Among the records below, find the lines with the word "obtain" and copy them.

Stored data:
.....

(* (1) For all $x,y\in(0,\infty)$, $$\cosh(\sqrt{xy})\le\sqrt{\cosh x\cosh y}\le\cosh\Big(\sqrt{(x^2+y^2)/2}\Big)\le\tfrac12(\cosh x+\cosh y),$$ with equality if and only if $x=y$. (2) For $0<R<6$ and all $x,y\in(0,\sqrt R)$, $$\tfrac12(\cosh x+\cosh y)\le\cosh\Big(\sqrt{R-\sqrt{(R-x^2)(R-y^2)}}\Big),$$ with equality if and only if $x=y$. (3) For all $x,y\in(0,\infty)$, $$\frac{\sinh\sqrt{xy}}{\sqrt{xy}}\le\sqrt{\frac{\sinh x}{x}\cdot\frac{\sinh y}{y}}\le\frac{\sinh\sqrt{\frac12(x^2+y^2)}}{\sqrt{\frac12(x^2+y^2)}}\le\frac12\Big(\frac{\sinh x}{x}+\frac{\sinh y}{y}\Big),$$ with equality if and only if $x=y$. (4) For $0<R<10$ and all $x,y\in(0,\sqrt R)$, writing $s=\sqrt{R-\sqrt{(R-x^2)(R-y^2)}}$, $$\frac12\Big(\frac{\sinh x}{x}+\frac{\sinh y}{y}\Big)\le\frac{\sinh s}{s},$$ with equality if and only if $x=y$. *)

theory Defs
  imports Complex_Main
begin

end

theory Submission
  imports Defs
begin

(*
  Each inequality compares G at a quasi-arithmetic mean  phi^-1 ((phi x + phi y) / 2)  with a mean of
  G x and G y: the geometric mean (phi = ln), the quadratic mean (phi s = s^2), the arithmetic mean, and
  the mean generated by  phi s = ln (R - s^2).  So each comparison is strict midpoint convexity or
  concavity of a function of one variable, such as  t |-> ln (G (exp t)),  and by the mean value theorem
  it follows from strict monotonicity of the derivative.  For G = cosh and G s = sinh s / s these
  monotonicity statements become explicit hyperbolic inequalities 0 < f s with f 0 = 0 and f' > 0 on
  (0, oo).  The bounds R < 6 and R < 10 are what make the relevant f' positive; both are sharp as s -> 0.
*)

section \<open>Strict midpoint convexity from the derivative\<close>

lemma DERIV_pos_interior_imp_less:
  fixes f f' :: "real \<Rightarrow> real"
  assumes "a < b"
    and "\<And>x. a \<le> x \<Longrightarrow> x \<le> b \<Longrightarrow> (f has_real_derivative f' x) (at x)"
    and "\<And>x. a < x \<Longrightarrow> x < b \<Longrightarrow> 0 < f' x"
  shows "f a < f b"
proof -
  obtain z where z: "a < z" "z < b" "f b - f a = (b - a) * f' z"
    using MVT2[OF assms(1,2)] by blast
  have "0 < (b - a) * f' z"
    using assms(1,3) z(1,2) by simp
  with z(3) show ?thesis
    by simp
qed

lemma strict_mono_on_if_DERIV_pos:
  fixes f f' :: "real \<Rightarrow> real"
  assumes "connected I"
    and "\<And>x. x \<in> I \<Longrightarrow> (f has_real_derivative f' x) (at x)"
    and "\<And>x. x \<in> I \<Longrightarrow> 0 < f' x"
  shows "strict_mono_on I f"
proof (rule strict_mono_onI)
  fix x y assume "x \<in> I" "y \<in> I" "x < y"
  then have sub: "z \<in> I" if "x \<le> z" "z \<le> y" for z
    using assms(1) \<open>x \<in> I\<close> \<open>y \<in> I\<close> that unfolding connected_iff_interval by blast
  show "f x < f y"
    using assms(2,3)[OF sub] by (intro DERIV_pos_interior_imp_less[where f=f and f'=f', OF \<open>x < y\<close>]) auto
qed

lemma strict_antimono_on_if_DERIV_neg:
  fixes f f' :: "real \<Rightarrow> real"
  assumes "connected I"
    and "\<And>x. x \<in> I \<Longrightarrow> (f has_real_derivative f' x) (at x)"
    and "\<And>x. x \<in> I \<Longrightarrow> f' x < 0"
  shows "strict_antimono_on I f"
proof -
  have "strict_mono_on I (\<lambda>x. - f x)"
    using assms by (intro strict_mono_on_if_DERIV_pos[where f'="\<lambda>x. - f' x"])
      (auto intro!: derivative_eq_intros)
  then show ?thesis
    by (auto simp: monotone_on_def)
qed

lemma monotone_on_cong:
  assumes "monotone_on A ord ord' f" "\<And>x. x \<in> A \<Longrightarrow> f x = g x"
  shows "monotone_on A ord ord' g"
  using assms by (auto simp: monotone_on_def)

lemma midpoint_strict_convex_if_deriv_strict_mono:
  fixes f f' :: "real \<Rightarrow> real"
  assumes "connected I" "a \<in> I" "b \<in> I" "a \<noteq> b"
    and "\<And>x. x \<in> I \<Longrightarrow> (f has_real_derivative f' x) (at x)"
    and "strict_mono_on I f'"
  shows "2 * f ((a + b) / 2) < f a + f b"
proof -
  have less: "2 * f ((a + b) / 2) < f a + f b" if "a \<in> I" "b \<in> I" "a < b" for a b
  proof -
    define m where "m = (a + b) / 2"
    have "a < m" "m < b" "m - a = b - m"
      using \<open>a < b\<close> by (simp_all add: m_def field_simps)
    have sub: "z \<in> I" if "a \<le> z" "z \<le> b" for z
      using assms(1) \<open>a \<in> I\<close> \<open>b \<in> I\<close> that unfolding connected_iff_interval by blast
    have deriv: "(f has_real_derivative f' x) (at x)" if "a \<le> x" "x \<le> b" for x
      using assms(5) sub that by blast
    obtain z1 where z1: "a < z1" "z1 < m" "f m - f a = (m - a) * f' z1"
      using MVT2[OF \<open>a < m\<close> deriv] \<open>m < b\<close> by auto
    obtain z2 where z2: "m < z2" "z2 < b" "f b - f m = (b - m) * f' z2"
      using MVT2[OF \<open>m < b\<close> deriv] \<open>a < m\<close> by auto
    have "z1 \<in> I" "z2 \<in> I"
      using sub z1 z2 \<open>a < m\<close> \<open>m < b\<close> by simp_all
    then have "f' z1 < f' z2"
      using assms(6) z1(2) z2(1) by (auto dest: strict_mono_onD)
    then have "(m - a) * f' z1 < (b - m) * f' z2"
      using \<open>a < m\<close> \<open>m - a = b - m\<close> by (metis diff_gt_0_iff_gt mult_strict_left_mono)
    then show ?thesis
      using z1 z2 by (simp add: m_def)
  qed
  show ?thesis
  proof (cases "a < b")
    case False
    then show ?thesis
      using less[of b a] assms(2-4) by (simp add: add.commute)
  qed (use less assms(2,3) in blast)
qed
(* Let $(\mathfrak g,r)$ be a triangular Lie bialgebra such that $r:\mathfrak g^*\to\mathfrak g$ is invertible. For $\lambda_1,\lambda_2,\lambda_3,\lambda_4\in\mathbb R$ define $N=N_{\lambda_1,\lambda_2,\lambda_3,\lambda_4}:\mathcal D(\mathfrak g)\to\mathcal D(\mathfrak g)$ by $N(x,a^* )=(\lambda_1r(a^* )+\lambda_2x,\ \lambda_3r^{-1}(x)+\lambda_4a^* )$. Then $N$ is a Nijenhuis tensor on $\mathcal D(\mathfrak g)$: $[N(X),N(Y)]+N^2([X,Y])=N([N(X),Y]+[X,N(Y)])$ for all $X,Y\in\mathcal D(\mathfrak g)$.
   Context: $\mathfrak g$ a finite-dimensional real Lie algebra; $r\in\mathfrak g\otimes\mathfrak g$ identified with $r:\mathfrak g^*\to\mathfrak g$ via $\langle r(a^* ),b^*\rangle=\langle a^*\otimes b^*,r\rangle$. $(\mathfrak g,r)$ triangular means $r$ is skew-symmetric and satisfies the CYBE $[r_{12},r_{13}]+[r_{12},r_{23}]+[r_{13},r_{23}]=0$ (for $r=\sum a_i\otimes b_i$: $[r_{12},r_{13}]=\sum[a_i,a_j]\otimes b_i\otimes b_j$, $[r_{12},r_{23}]=\sum a_i\otimes[b_i,a_j]\otimes b_j$, $[r_{13},r_{23}]=\sum a_i\otimes a_j\otimes[b_i,b_j]$). Coadjoint action $\langle\mathrm{ad}^*(x)a^*,y\rangle=-\langle a^*,[x,y]\rangle$. Put $[a^*,b^*]_\delta=\mathrm{ad}^*(r(a^* ))b^*-\mathrm{ad}^*(r(b^* ))a^*$ on $\mathfrak g^*$ and, for $a^*\in\mathfrak g^*,x\in\mathfrak g$, $\langle\mathrm{ad}^*(a^* )x,b^*\rangle=-\langle x,[a^*,b^*]_\delta\rangle$. The Drinfeld double $\mathcal D(\mathfrak g)=\mathfrak g\oplus\mathfrak g^*$ has bracket $[(x,a^* ),(y,b^* )]=([x,y]+\mathrm{ad}^*(a^* )y-\mathrm{ad}^*(b^* )x,\ [a^*,b^*]_\delta+\mathrm{ad}^*(x)b^*-\mathrm{ad}^*(y)a^* )$. *)

theory Defs
  imports "HOL-Analysis.Analysis"
begin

.....

■ EXERCISE RESULT
  obtain z where z: "a < z" "z < b" "f b - f a = (b - a) * f' z"
    obtain z1 where z1: "a < z1" "z1 < m" "f m - f a = (m - a) * f' z1"
    obtain z2 where z2: "m < z2" "z2 < b" "f b - f m = (b - m) * f' z2"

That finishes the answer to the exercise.